From the outside looking in, it might sound difficult and burdensome, but most Muslims really enjoy Ramadan and are sad (literally) when it is over. As I write this, I cannot believe how quickly the last few days have passed. I've been Muslim 15 years and there are a lot of nostalgic family traditions associated with Ramadan: eating certain foods, praying together at home, feeding the poor, et cetera. We grow in our spirituality and in our family relations. Why do I mention this? Because condescending jokes in the office about Ramadan are never funny. It warms my heart that nearly every year my co-workers send me Happy Ramadan e-cards.

3) To each their own

Just like any other faith community, there are varying degrees of practice among those who call themselves Muslim. Some Muslims only practice the religion during the month of Ramadan and others stick to Islam's principles throughout the year. Employers should simply make an effort to treat each employee's individual needs. Just because one person works a modified schedule to allow more time for evening mosque doesn't mean that other Muslim employees want the same. Furthermore, fasting is harder for some than others. I have friends that look super energetic even in the final hour before breaking fast at night, and others who are super grouchy.

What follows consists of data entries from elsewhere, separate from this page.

lemma Ck_on_cong_upper: "eq_on_upper f g \<Longrightarrow> Ck_on k f upper \<Longrightarrow> Ck_on k g upper"
proof (induction k arbitrary: f g)
  case 0
  then show ?case
    by (simp add: Ck_on.simps continuous_on_cong_upper)
next
  case (Suc k)
  have "continuous_on upper (\<lambda>(x, y, t). g x y t)"
    using Suc.prems Ck_on_continuous continuous_on_cong_upper by blast
  moreover have "\<forall>(x, y, t) \<in> upper. partials_exist g x y t"
    using Suc.prems partials_exist_cong_upper[OF Suc.prems(1)] by (auto simp: Ck_on.simps)
  moreover have "Ck_on k (pdx g) upper" "Ck_on k (pdy g) upper" "Ck_on k (pdt g) upper"
    using Suc.IH[OF eq_on_upper_pdx[OF Suc.prems(1)]] Suc.IH[OF eq_on_upper_pdy[OF Suc.prems(1)]]
      Suc.IH[OF eq_on_upper_pdt[OF Suc.prems(1)]] Suc.prems(2) by (simp_all add: Ck_on.simps)
  ultimately show ?case
    by (simp add: Ck_on.simps)
qed

lemma Ck_on_lincomb:
  "Ck_on k f upper \<Longrightarrow> Ck_on k g upper \<Longrightarrow> Ck_on k (\<lambda>x y t. a * f x y t + b * g x y t) upper"
proof (induction k arbitrary: f g)
  case 0
  then show ?case
    by (auto simp: Ck_on.simps case_prod_beta intro!: continuous_intros)
next
  case (Suc k)
  let ?h = "\<lambda>x y t. a * f x y t + b * g x y t"
  have partials: "partials_exist f x y t" "partials_exist g x y t" if "0 < t" for x y t
    using Suc.prems that unfolding Ck_on.simps by auto
  have "continuous_on upper (\<lambda>(x, y, t). ?h x y t)"
    using Suc.prems[THEN Ck_on_continuous] by (auto simp: case_prod_beta intro!: continuous_intros)
  moreover have "\<forall>(x, y, t) \<in> upper. partials_exist ?h x y t"
    using partials by auto
  moreover have "Ck_on k (pdx ?h) upper"
    by (rule Ck_on_cong_upper[OF _ Suc.IH[OF Suc.prems[THEN Ck_on_pdx]]])
       (use partials in \<open>auto intro!: eq_on_upperI\<close>)
  moreover have "Ck_on k (pdy ?h) upper"
    by (rule Ck_on_cong_upper[OF _ Suc.IH[OF Suc.prems[THEN Ck_on_pdy]]])
       (use partials in \<open>auto intro!: eq_on_upperI\<close>)
  moreover have "Ck_on k (pdt ?h) upper"
    by (rule Ck_on_cong_upper[OF _ Suc.IH[OF Suc.prems[THEN Ck_on_pdt]]])
       (use partials in \<open>auto intro!: eq_on_upperI\<close>)
  ultimately show ?case
    by (simp add: Ck_on.simps)
qed

lemma Ck_on_add: "Ck_on k f upper \<Longrightarrow> Ck_on k g upper \<Longrightarrow> Ck_on k (\<lambda>x y t. f x y t + g x y t) upper"
  using Ck_on_lincomb[of k f g 1 1] by simp

lemma Ck_on_diff: "Ck_on k f upper \<Longrightarrow> Ck_on k g upper \<Longrightarrow> Ck_on k (\<lambda>x y t. f x y t - g x y t) upper"
  using Ck_on_lincomb[of k f g 1 "-1"] by simp

lemma continuous_on_upper_slice:
  assumes "continuous_on upper (\<lambda>(x, y, t). h x y t)" "continuous_on A (\<lambda>z. (e1 z, e2 z, e3 z))"
    and "(\<lambda>z. (e1 z, e2 z, e3 z)) ` A \<subseteq> upper"
  shows "continuous_on A (\<lambda>z. h (e1 z) (e2 z) (e3 z))"
  using continuous_on_compose2[OF assms] by simp

lemma pdt_pdx_commute:
  assumes f: "Ck_on 2 f upper"
  shows "eq_on_upper (pdt (pdx f)) (pdx (pdt f))"
proof (rule eq_on_upperI)
  fix x y t :: real assume t: "0 < t"
  have "Ck_on 1 f upper" "Ck_on 1 (pdx f) upper" "Ck_on 0 (pdt (pdx f)) upper"
    using f Ck_on_le Ck_on_pdx Ck_on_pdt by (auto simp: numeral_2_eq_2)
  note smooth = this
  have "((\<lambda>s. pdt f s y t) has_real_derivative pdt (pdx f) x y t) (at x)"
  proof (rule mixed_partials_commute[where g="\<lambda>a b. f a y b" and gu="\<lambda>a b. pdx f a y b"
        and gv="\<lambda>a b. pdt f a y b" and guv="\<lambda>a b. pdt (pdx f) a y b" and d=t])
    fix a b :: real assume "\<bar>a - x\<bar> < t" "\<bar>b - t\<bar> < t"
    then have "0 < b" by auto
    then show "((\<lambda>s. f s y b) has_real_derivative pdx f a y b) (at a)"
      and "((\<lambda>s. f a y s) has_real_derivative pdt f a y b) (at b)"
      and "((\<lambda>s. pdx f a y s) has_real_derivative pdt (pdx f) a y b) (at b)"
      using smooth by (simp_all add: has_real_derivative_pdx has_real_derivative_pdt Ck_on_partials_exist)
  next
    have "continuous_on ({x-t<..<x+t} \<times> {t-t<..<t+t}) (\<lambda>z. pdt (pdx f) (fst z) y (snd z))"
      by (rule continuous_on_upper_slice[OF Ck_on_continuous[OF smooth(3)]]) (auto intro!: continuous_intros)
    then show "continuous_on ({x-t<..<x+t} \<times> {t-t<..<t+t}) (\<lambda>(a, b). pdt (pdx f) a y b)"
      by (simp add: case_prod_beta)
  qed (use t in auto)
  then show "pdt (pdx f) x y t = pdx (pdt f) x y t"
    unfolding pdx_def[of "pdt f"] by (rule DERIV_imp_deriv[symmetric])
qed

lemma pdt_pdy_commute:
  assumes f: "Ck_on 2 f upper"
  shows "eq_on_upper (pdt (pdy f)) (pdy (pdt f))"
proof (rule eq_on_upperI)
  fix x y t :: real assume t: "0 < t"
  have "Ck_on 1 f upper" "Ck_on 1 (pdy f) upper" "Ck_on 0 (pdt (pdy f)) upper"
    using f Ck_on_le Ck_on_pdy Ck_on_pdt by (auto simp: numeral_2_eq_2)
  note smooth = this
  have "((\<lambda>s. pdt f x s t) has_real_derivative pdt (pdy f) x y t) (at y)"
  proof (rule mixed_partials_commute[where g="\<lambda>a b. f x a b" and gu="\<lambda>a b. pdy f x a b"
        and gv="\<lambda>a b. pdt f x a b" and guv="\<lambda>a b. pdt (pdy f) x a b" and d=t])
    fix a b :: real assume "\<bar>a - y\<bar> < t" "\<bar>b - t\<bar> < t"
    then have "0 < b" by auto
    then show "((\<lambda>s. f x s b) has_real_derivative pdy f x a b) (at a)"
      and "((\<lambda>s. f x a s) has_real_derivative pdt f x a b) (at b)"
      and "((\<lambda>s. pdy f x a s) has_real_derivative pdt (pdy f) x a b) (at b)"
      using smooth by (simp_all add: has_real_derivative_pdy has_real_derivative_pdt Ck_on_partials_exist)
  next
    have "continuous_on ({y-t<..<y+t} \<times> {t-t<..<t+t}) (\<lambda>z. pdt (pdy f) x (fst z) (snd z))"
      by (rule continuous_on_upper_slice[OF Ck_on_continuous[OF smooth(3)]]) (auto intro!: continuous_intros)
    then show "continuous_on ({y-t<..<y+t} \<times> {t-t<..<t+t}) (\<lambda>(a, b). pdt (pdy f) x a b)"
      by (simp add: case_prod_beta)
  qed (use t in auto)
  then show "pdt (pdy f) x y t = pdy (pdt f) x y t"
    unfolding pdy_def[of "pdt f"] by (rule DERIV_imp_deriv[symmetric])
qed

lemma pdy_pdx_commute:
  assumes f: "Ck_on 2 f upper"
  shows "eq_on_upper (pdy (pdx f)) (pdx (pdy f))"
proof (rule eq_on_upperI)
  fix x y t :: real assume t: "0 < t"
  have "Ck_on 1 f upper" "Ck_on 1 (pdx f) upper" "Ck_on 0 (pdy (pdx f)) upper"
    using f Ck_on_le Ck_on_pdx Ck_on_pdy by (auto simp: numeral_2_eq_2)
  note smooth = this
  have "((\<lambda>s. pdy f s y t) has_real_derivative pdy (pdx f) x y t) (at x)"
  proof (rule mixed_partials_commute[where g="\<lambda>a b. f a b t" and gu="\<lambda>a b. pdx f a b t"
        and gv="\<lambda>a b. pdy f a b t" and guv="\<lambda>a b. pdy (pdx f) a b t" and d=1])
    fix a b :: real
    show "((\<lambda>s. f s b t) has_real_derivative pdx f a b t) (at a)"
      and "((\<lambda>s. f a s t) has_real_derivative pdy f a b t) (at b)"
      and "((\<lambda>s. pdx f a s t) has_real_derivative pdy (pdx f) a b t) (at b)"
      using smooth t by (simp_all add: has_real_derivative_pdx has_real_derivative_pdy Ck_on_partials_exist)
  next
    have "continuous_on ({x-1<..<x+1} \<times> {y-1<..<y+1}) (\<lambda>z. pdy (pdx f) (fst z) (snd z) t)"
      by (rule continuous_on_upper_slice[OF Ck_on_continuous[OF smooth(3)]]) (use t in \<open>auto intro!: continuous_intros\<close>)
    then show "continuous_on ({x-1<..<x+1} \<times> {y-1<..<y+1}) (\<lambda>(a, b). pdy (pdx f) a b t)"
      by (simp add: case_prod_beta)
  qed simp
  then show "pdy (pdx f) x y t = pdx (pdy f) x y t"
    unfolding pdx_def[of "pdy f"] by (rule DERIV_imp_deriv[symmetric])
qed

lemma pdy_pdy_pdx_commute:
  assumes "Ck_on 3 f upper"
  shows "eq_on_upper (pdy (pdy (pdx f))) (pdx (pdy (pdy f)))"
proof -
  have "Ck_on 2 f upper" "Ck_on 2 (pdy f) upper"
    using assms Ck_on_le Ck_on_pdy by (auto simp: numeral_3_eq_3 numeral_2_eq_2)
  then show ?thesis
    by (blast intro: eq_on_upper_trans eq_on_upper_pdy pdy_pdx_commute)
qed

lemma pdy_pdy_pdx_pdx_commute:
  assumes "Ck_on 4 f upper"
  shows "eq_on_upper (pdy (pdy (pdx (pdx f)))) (pdx (pdx (pdy (pdy f))))"
proof -
  have "Ck_on 3 f upper" "Ck_on 3 (pdx f) upper"
    using assms Ck_on_le Ck_on_pdx by (auto simp: numeral_3_eq_3 numeral_Bit0)
  then show ?thesis
    by (blast intro: eq_on_upper_trans eq_on_upper_pdx pdy_pdy_pdx_commute)
qed

text \<open>
  These become simp rules only now: together with \<open>Ck_on.simps\<close> they make the simplifier loop.
  The simplifier rewrites \<open>Ck_on 1\<close> to \<open>Ck_on (Suc 0)\<close>, so proofs outside the locale below
  add \<open>eval_nat_numeral\<close> to put all orders into \<open>Suc\<close> form and let these rules chain.
\<close>
declare Ck_on_partials_exist [simp] Ck_on_pdx [simp] Ck_on_pdy [simp] Ck_on_pdt [simp]

lemma pdy_pdx_swap [simp]: "Ck_on 2 f upper \<Longrightarrow> 0 < t \<Longrightarrow> pdy (pdx f) x y t = pdx (pdy f) x y t"
  by (rule eq_on_upperD[OF pdy_pdx_commute])

lemma eq_on_upper_pdxI:
  assumes "eq_on_upper f g" "\<And>x y t. 0 < t \<Longrightarrow> pdx g x y t = h x y t"
  shows "eq_on_upper (pdx f) h"
  using eq_on_upper_pdx[OF assms(1)] assms(2) by (simp add: eq_on_upper_def)

lemma eq_on_upper_pdyI:
  assumes "eq_on_upper f g" "\<And>x y t. 0 < t \<Longrightarrow> pdy g x y t = h x y t"
  shows "eq_on_upper (pdy f) h"
  using eq_on_upper_pdy[OF assms(1)] assms(2) by (simp add: eq_on_upper_def)

lemma eq_on_upper_pdtI:
  assumes "eq_on_upper f g" "\<And>x y t. 0 < t \<Longrightarrow> pdt g x y t = h x y t"
  shows "eq_on_upper (pdt f) h"
  using eq_on_upper_pdt[OF assms(1)] assms(2) by (simp add: eq_on_upper_def)

lemma pdt_pdx_eqI:
  "Ck_on 2 f upper \<Longrightarrow> eq_on_upper (pdt f) g \<Longrightarrow> (\<And>x y t. 0 < t \<Longrightarrow> pdx g x y t = h x y t) \<Longrightarrow>
    eq_on_upper (pdt (pdx f)) h"
  by (rule eq_on_upper_trans[OF pdt_pdx_commute eq_on_upper_pdxI])

lemma pdt_pdy_eqI:
  "Ck_on 2 f upper \<Longrightarrow> eq_on_upper (pdt f) g \<Longrightarrow> (\<And>x y t. 0 < t \<Longrightarrow> pdy g x y t = h x y t) \<Longrightarrow>
    eq_on_upper (pdt (pdy f)) h"
  by (rule eq_on_upper_trans[OF pdt_pdy_commute eq_on_upper_pdyI])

4) Keep it all in perspective

I touched on this earlier, but even with a modified schedule and an inclusive environment, it's still likely that your Muslim employees will not be as productive during Ramadan--at least not until Ramadan moves from summer into spring and then back to winter. Just as my co-workers take a lot of vacation during the holidays and produce less--hosting parties and planning family events during work--so will your Muslim employees during Ramadan. As U.S.-based organizations give time off for companywide holidays between Thanksgiving and Christmas, many immigrant Muslims are accustomed to the same during Ramadan in their native countries. In most Muslim countries, employees work half-days the entire month and are paid as if they worked full-time. It's a give and take. So, while my co-workers are covering me a little during Ramadan, they can always count on me during holidays such as Christmas, Hanukkah, and Easter to be in the office.

In an effort to create more loyal employees and focus on long term gains, the more we all know about Muslims and those of all faiths in the workplace, the better we can foster an inclusive workplace for others. Let's keep the conversation going.